At the end stages of exudative or atrophic macular degeneration, when previously described treatments have been unsuccessful, patients may become severely visually impaired. This may cause significant disability, with difficulties in reading and daily activities, all of which may impact on quality of life.109,110 In such situations, low vision rehabilitation should be offered to the patient.111 In low vision rehabilitation, people are taught to use their remaining vision more effectively. Using a variety of visual aids may allow the patient to become more independent. Most of the time, low vision rehabilitation provides high patient satisfaction with functional and subjective improvements.112–115 The rehabilitation of a visually impaired individual may involve a variety of treatment modalities including prescription eyewear, optical devices, electronic aids, adaptive computer software, glare control, modification of the patient’s environment, counseling and education of the patient and family, skills training, independent living aids, occupational therapy, mental health intervention, orientation and mobility training, and driving rehabilitation.
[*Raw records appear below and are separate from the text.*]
text \<open>By unconditionality, the integral of each \<open>f i\<close> is at most \<open>2^n\<close> times its integral over
  the closed orthant, while the radial function \<open>h u = \<rho> (k (k - 1) / 2 * |u|^2) powr (1 / k)\<close> integrates to
  at least \<open>2^n\<close> times its integral over the open orthant; so it suffices to compare orthant
  integrals. If \<open>x 1, ..., x k\<close> lie in the open orthant and \<open>g\<close> is their coordinatewise
  geometric mean, AM--GM over the pairs gives \<open>k (k - 1) / 2 * |g|^2 \<le> \<Sum>i<j. x i \<bullet> x j\<close>, so
  \<open>\<Prod>i. f i (x i) \<le> h g ^ k\<close> because \<open>\<rho>\<close> is non-increasing. This is the hypothesis of the
  multiplicative Prekopa--Leindler inequality on the orthant, which is proved one coordinate at
  a time; in one variable the substitution \<open>t = exp s\<close> turns it into the additive
  Prekopa--Leindler inequality, which follows from the one-dimensional Brunn--Minkowski
  inequality by the layer-cake formula and AM--GM.
  The Gaussian bound is the case \<open>\<rho> t = exp (- \<alpha> * t)\<close>, its right-hand side being infinite
  for \<open>\<alpha> = 0\<close>.\<close>

section \<open>The Brunn--Minkowski inequality on the real line\<close>

lemma emeasure_lborel_translation:
  fixes A :: "real set"
  assumes "A \<in> sets borel"
  shows "emeasure lborel ((\<lambda>x. x + c) ` A) = emeasure lborel A"
proof -
  have image_eq: "(\<lambda>x. x + c) ` A = (\<lambda>x. x - c) -` A"
    by (auto simp: image_iff) (metis diff_add_cancel)
  have "(\<lambda>x::real. x - c) \<in> borel \<rightarrow>\<^sub>M borel"
    by measurable
  from measurable_sets_borel[OF this assms] have "(\<lambda>x. x + c) ` A \<in> sets borel"
    unfolding image_eq .
  then have "emeasure lborel ((\<lambda>x. x + c) ` A) = emeasure (distr lborel borel ((+) c)) ((\<lambda>x. x + c) ` A)"
    by (simp add: lborel_distr_plus)
  also have "\<dots> = emeasure lborel ((+) c -` ((\<lambda>x. x + c) ` A))"
    using \<open>(\<lambda>x. x + c) ` A \<in> sets borel\<close> by (simp add: emeasure_distr)
  also have "(+) c -` ((\<lambda>x. x + c) ` A) = A"
    by (auto simp: add.commute)
  finally show ?thesis .
qed
definition sympl_char :: "('n::finite) f2pair \<Rightarrow> 'n f2pair \<Rightarrow> complex" where
  "sympl_char u v = chi (fst u) (snd v) * chi (snd u) (fst v)"

lemma sympl_zero_iff: "sympl_zero u v \<longleftrightarrow> sympl_char u v = 1"
  unfolding sympl_zero_def sympl_char_def chi_def
  by (simp add: power_add[symmetric] minus_one_power_iff)

lemma sympl_char_padd_left: "sympl_char (padd u w) v = sympl_char u v * sympl_char w v"
  unfolding sympl_char_def padd_def by (simp add: chi_vadd_left mult_ac)

lemma sympl_char_cases: "sympl_char u v = 1 \<or> sympl_char u v = -1"
  unfolding sympl_char_def using chi_cases[of "fst u" "snd v"] chi_cases[of "snd u" "fst v"] by auto

lemma sum_sympl_char:
  "(\<Sum>v\<in>UNIV. sympl_char u v) = (if u = (vzero, vzero) then (2 ^ CARD('n))^2 else 0)"
  for u :: "('n::finite) f2pair"
proof -
  have "(\<Sum>v\<in>UNIV. sympl_char u v) = (\<Sum>c\<in>UNIV. chi c (snd u)) * (\<Sum>d\<in>UNIV. chi d (fst u))"
    unfolding sum_UNIV_prod sympl_char_def sum_product by (simp add: chi_commute mult_ac)
  then show ?thesis
    unfolding sum_chi by (cases u) (auto simp: power2_eq_square)
qed

lemma subspace2_iff: "subspace2 S \<longleftrightarrow> (vzero, vzero) \<in> S \<and> (\<forall>u\<in>S. \<forall>v\<in>S. padd u v \<in> S)"
  unfolding subspace2_def padd_def ..

lemma sum_padd_translate:
  assumes "subspace2 S" and "v \<in> S"
  shows "(\<Sum>w\<in>S. F (padd v w)) = (\<Sum>w\<in>S. F w)"
  using assms unfolding subspace2_iff
  by (intro sum.reindex_bij_witness[where i="padd v" and j="padd v"]) auto

definition sympl_perp :: "('n::finite) f2pair set \<Rightarrow> 'n f2pair set" where
  "sympl_perp S = {v. \<forall>s\<in>S. sympl_char s v = 1}"

lemma sum_sympl_char_subspace:
  assumes "subspace2 S"
  shows "(\<Sum>s\<in>S. sympl_char s v) = (if v \<in> sympl_perp S then of_nat (card S) else 0)"
proof (cases "v \<in> sympl_perp S")
  case True
  then show ?thesis
    unfolding sympl_perp_def by simp
next
  case False
  then obtain s0 where s0: "s0 \<in> S" "sympl_char s0 v = -1"
    unfolding sympl_perp_def using sympl_char_cases by blast
  have "(\<Sum>s\<in>S. sympl_char s v) = (\<Sum>s\<in>S. sympl_char (padd s0 s) v)"
    by (rule sum_padd_translate[OF assms s0(1), symmetric])
  also have "\<dots> = - (\<Sum>s\<in>S. sympl_char s v)"
    by (simp add: padd_commute[of s0] sympl_char_padd_left s0(2) sum_negf)
  finally show ?thesis
    using False by simp
qed

lemma card_mult_card_sympl_perp:
  fixes S :: "('n::finite) f2pair set"
  assumes "subspace2 S"
  shows "card S * card (sympl_perp S) = (2 ^ CARD('n))^2"
proof -
  have "(of_nat (card S * card (sympl_perp S)) :: complex)
      = (\<Sum>v\<in>UNIV. \<Sum>s\<in>S. sympl_char s v)"
    unfolding sum_sympl_char_subspace[OF assms] by (simp add: sum.If_cases)
  also have "\<dots> = (\<Sum>s\<in>S. \<Sum>v\<in>UNIV. sympl_char s v)"
    by (rule sum.swap)
  also have "\<dots> = (2 ^ CARD('n))^2"
    using assms unfolding sum_sympl_char subspace2_iff by simp
  finally show ?thesis
    by (metis of_nat_eq_iff of_nat_numeral of_nat_power)
qed

text \<open>Such an \<open>L\<close> is its own symplectic complement, so no isotropic subspace contains it properly.\<close>
lemma lagrangian_if_isotropic_card:
  fixes L :: "('n::finite) f2pair set"
  assumes "isotropic L" and "card L = 2 ^ CARD('n)"
  shows "lagrangian L"
proof -
  have sub: "subspace2 L" and iso: "\<forall>u\<in>L. \<forall>v\<in>L. sympl_char u v = 1"
    using assms(1) unfolding isotropic_def sympl_zero_iff by auto
  have "card (sympl_perp L) = 2 ^ CARD('n)"
    using card_mult_card_sympl_perp[OF sub] assms(2) by (simp add: power2_eq_square)
  moreover have "L \<subseteq> sympl_perp L"
    using iso unfolding sympl_perp_def by auto
  ultimately have perp: "sympl_perp L = L"
    using assms(2) by (metis card_subset_eq finite)
  have "M \<subseteq> L" if "isotropic M" "L \<subseteq> M" for M
    using that perp unfolding isotropic_def sympl_zero_iff sympl_perp_def by blast
  then show ?thesis
    unfolding lagrangian_def using assms(1) by blast
qed

section \<open>The Lagrangian subspace of a stabilizer state\<close>

locale stabilizer =
  fixes \<phi> :: "('n::finite) f2vec \<Rightarrow> complex"
  assumes stabilizer_state: "stabilizer_state \<phi>"
begin

definition \<gamma> :: "'n f2pair \<Rightarrow> complex" where
  "\<gamma> u = fhat (Delta (fst u) \<phi>) (snd u)"

lemma inner_f_phi_phi: "inner_f \<phi> \<phi> = 1"
  using stabilizer_state unfolding stabilizer_state_def by (simp add: inner_f_self_eq_norm2)

lemma \<gamma>_eq_inner_f: "\<gamma> u = inner_f (weyl u \<phi>) \<phi>"
  unfolding \<gamma>_def fhat_Delta_eq_inner_weyl by simp

lemma norm_\<gamma>_le_1: "cmod (\<gamma> u) \<le> 1"
proof -
  have "cmod (\<gamma> u) ^ 2 \<le> 1"
    using norm_inner_f_squared_le[OF inner_f_phi_phi, of "weyl u \<phi>"]
    unfolding \<gamma>_eq_inner_f inner_f_weyl_weyl inner_f_phi_phi by simp
  then show ?thesis
    by (simp add: power_le_one_iff)
qed

lemma sum_norm_\<gamma>_power2: "(\<Sum>u\<in>UNIV. cmod (\<gamma> u) ^ 2) = 2 ^ CARD('n)"
  using sum_norm_fhat_Delta_squared[of \<phi>] stabilizer_state
  unfolding stabilizer_state_def sum_UNIV_prod \<gamma>_def by simp

lemma sum_norm_\<gamma>_power4: "(\<Sum>u\<in>UNIV. cmod (\<gamma> u) ^ 4) = 2 ^ CARD('n)"
  using U3_power_8[of \<phi>] stabilizer_state
  unfolding stabilizer_state_def sum_UNIV_prod \<gamma>_def by simp

lemma norm_\<gamma>_0_or_1: "cmod (\<gamma> u) = 0 \<or> cmod (\<gamma> u) = 1"
proof -
  have nonneg: "0 \<le> cmod (\<gamma> v) ^ 2 - cmod (\<gamma> v) ^ 4" for v
    using norm_\<gamma>_le_1[of v] by (simp add: power_decreasing)
  have "(\<Sum>v\<in>UNIV. cmod (\<gamma> v) ^ 2 - cmod (\<gamma> v) ^ 4) = 0"
    by (simp add: sum_subtractf sum_norm_\<gamma>_power2 sum_norm_\<gamma>_power4)
  then have "cmod (\<gamma> u) ^ 2 - cmod (\<gamma> u) ^ 4 = 0"
    using sum_nonneg_eq_0_iff[of UNIV "\<lambda>v. cmod (\<gamma> v) ^ 2 - cmod (\<gamma> v) ^ 4"] nonneg finite by blast
  then have "cmod (\<gamma> u) ^ 2 * (1 - cmod (\<gamma> u) ^ 2) = 0"
    by (simp add: right_diff_distrib power2_eq_square power4_eq_xxxx)
  then show ?thesis
    using norm_ge_zero[of "\<gamma> u"] by (auto simp: power2_eq_1_iff)
qed

definition L :: "'n f2pair set" where
  "L = {u. cmod (\<gamma> u) = 1}"

lemma weyl_eigenvector: "u \<in> L \<Longrightarrow> weyl u \<phi> = (\<lambda>x. \<gamma> u * \<phi> x)"
  using eq_multiple_if_inner_f_eq[OF inner_f_phi_phi, of "weyl u \<phi>"]
  unfolding L_def \<gamma>_eq_inner_f[symmetric] inner_f_weyl_weyl inner_f_phi_phi
  by (simp add: complex_norm_square[symmetric])

lemma \<gamma>_padd:
  assumes "u \<in> L" and "v \<in> L"
  shows "\<gamma> (padd u v) = chi (snd v) (fst u) * \<gamma> u * \<gamma> v"
proof -
  let ?c = "chi (snd v) (fst u)"
  have eq: "?c * weyl (padd u v) \<phi> x = \<gamma> v * (\<gamma> u * \<phi> x)" for x
    using fun_cong[OF weyl_weyl[of u v \<phi>], of x]
    unfolding weyl_eigenvector[OF assms(2)] weyl_mult weyl_eigenvector[OF assms(1)] by simp
  have "weyl (padd u v) \<phi> x = ?c * (?c * weyl (padd u v) \<phi> x)" for x
    by (simp add: mult.assoc[symmetric])
  then have "weyl (padd u v) \<phi> = (\<lambda>x. (?c * \<gamma> u * \<gamma> v) * \<phi> x)"
    unfolding eq by (simp add: fun_eq_iff mult_ac)
  then show ?thesis
    unfolding \<gamma>_eq_inner_f[of "padd u v"] by (simp add: inner_f_mult_left inner_f_phi_phi)
qed

lemma subspace2_L: "subspace2 L"
proof -
  have "(vzero, vzero) \<in> L"
    unfolding L_def \<gamma>_eq_inner_f by (simp add: inner_f_phi_phi)
  moreover have "padd u v \<in> L" if "u \<in> L" "v \<in> L" for u v
    using that \<gamma>_padd[OF that] unfolding L_def by (simp add: norm_mult)
  ultimately show ?thesis
    unfolding subspace2_iff by blast
qed

lemma isotropic_L: "isotropic L"
proof -
  have "sympl_char u v = 1" if "u \<in> L" "v \<in> L" for u v
  proof -
    have "\<gamma> u \<noteq> 0" "\<gamma> v \<noteq> 0"
      using that unfolding L_def by auto
    moreover have "chi (snd v) (fst u) * \<gamma> u * \<gamma> v = chi (snd u) (fst v) * \<gamma> v * \<gamma> u"
      using \<gamma>_padd[OF that] \<gamma>_padd[OF that(2,1)] by (simp add: padd_commute)
    ultimately have "chi (snd v) (fst u) = chi (snd u) (fst v)"
      by (simp add: mult_ac)
    then show ?thesis
      unfolding sympl_char_def by (simp add: chi_commute[of "fst u"])
  qed
  then show ?thesis
    unfolding isotropic_def sympl_zero_iff using subspace2_L by blast
qed

lemma card_L: "card L = 2 ^ CARD('n)"
proof -
  have "cmod (\<gamma> u) ^ 2 = of_bool (u \<in> L)" for u
    using norm_\<gamma>_0_or_1[of u] unfolding L_def by auto
  then have "real (card L) = 2 ^ CARD('n)"
    using sum_norm_\<gamma>_power2 by simp
  then show ?thesis
    by (metis of_nat_eq_iff of_nat_numeral of_nat_power)
qed

lemma lagr_of_eq_L: "lagr_of \<phi> = L"
  unfolding lagr_of_def
proof (rule the_equality)
  show "lagrangian L \<and> (\<forall>a b. cmod (fhat (Delta a \<phi>) b) = (if (a, b) \<in> L then 1 else 0))"
    using lagrangian_if_isotropic_card[OF isotropic_L card_L] norm_\<gamma>_0_or_1
    unfolding L_def \<gamma>_def by force
next
  fix M
  assume "lagrangian M \<and> (\<forall>a b. cmod (fhat (Delta a \<phi>) b) = (if (a, b) \<in> M then 1 else 0))"
  then show "M = L"
    unfolding L_def \<gamma>_def by auto
qed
In summary, low vision rehabilitation has to be offered to each patient with bilateral advanced AMD complaining of a loss of vision. Low vision aid may be started simultaneously with other therapies before the onset of significant disability.

Recent advances in the treatment of CNV due to AMD have led to major improvements in anatomical and functional results. The prognosis of exudative AMD has completely changed in the last few years. Since the cost of these recent therapies has dramatically increased, the expenses for the individual patient has also risen.116 A value-based medicine cost utility analysis was performed on different interventions for neovascular AMD to assess the value that each confers to the patient.117 Laser therapy confers 4.4% of value gain, pegaptanib a 5.9% gain, vPDT an 8.1% gain and ranibizumab a 15% gain, which is considered quite high. To put it into perspective, HMG-CoA reductase inhibitors (statins) given for hyperlipidemia confer only a 6.3% value gain.

Conclusion

Over the last 20 years, a multitude of clinical trials have evaluated the efficacy of various treatment modalities for neovascular AMD. Thermal laser successfully prevented the proliferation of CNV; however, visual loss and recurrences impaired the treatment benefit. Using non-thermal laser energy through vPDT appeared as a healthy alternative, but again, it was unsatisfying to both the patient and treating clinician given the inability to improve vision in a majority of patients. As we begin to better understand the pathophysiology of CNV and the role of VEGF in its development and persistence, newer pharmacologic interventions have led to previously unattainable results regarding improvements in vision. But again, we are faced with a new problem. We are far better at initiating the medication than we are at stopping it. Just as oncologists treat cancer with various chemotherapies that act in concert, we also are beginning to experiment with combination therapy in an attempt to discontinue the cycle of repetitive treatment. Although it appears promising, retrospective and small prospective studies are no substitute for large, randomized, controlled trials. As our understanding of the disease continues to grow at the molecular level, investigators are simultaneously exploring other treatment venues that may offer a more long-term solution, such as the inhibition of gene expression and signal transduction. In short, we are making headways in the treatment of neovascular AMD, but there is still much to be explored and learned, particularly in its prevention.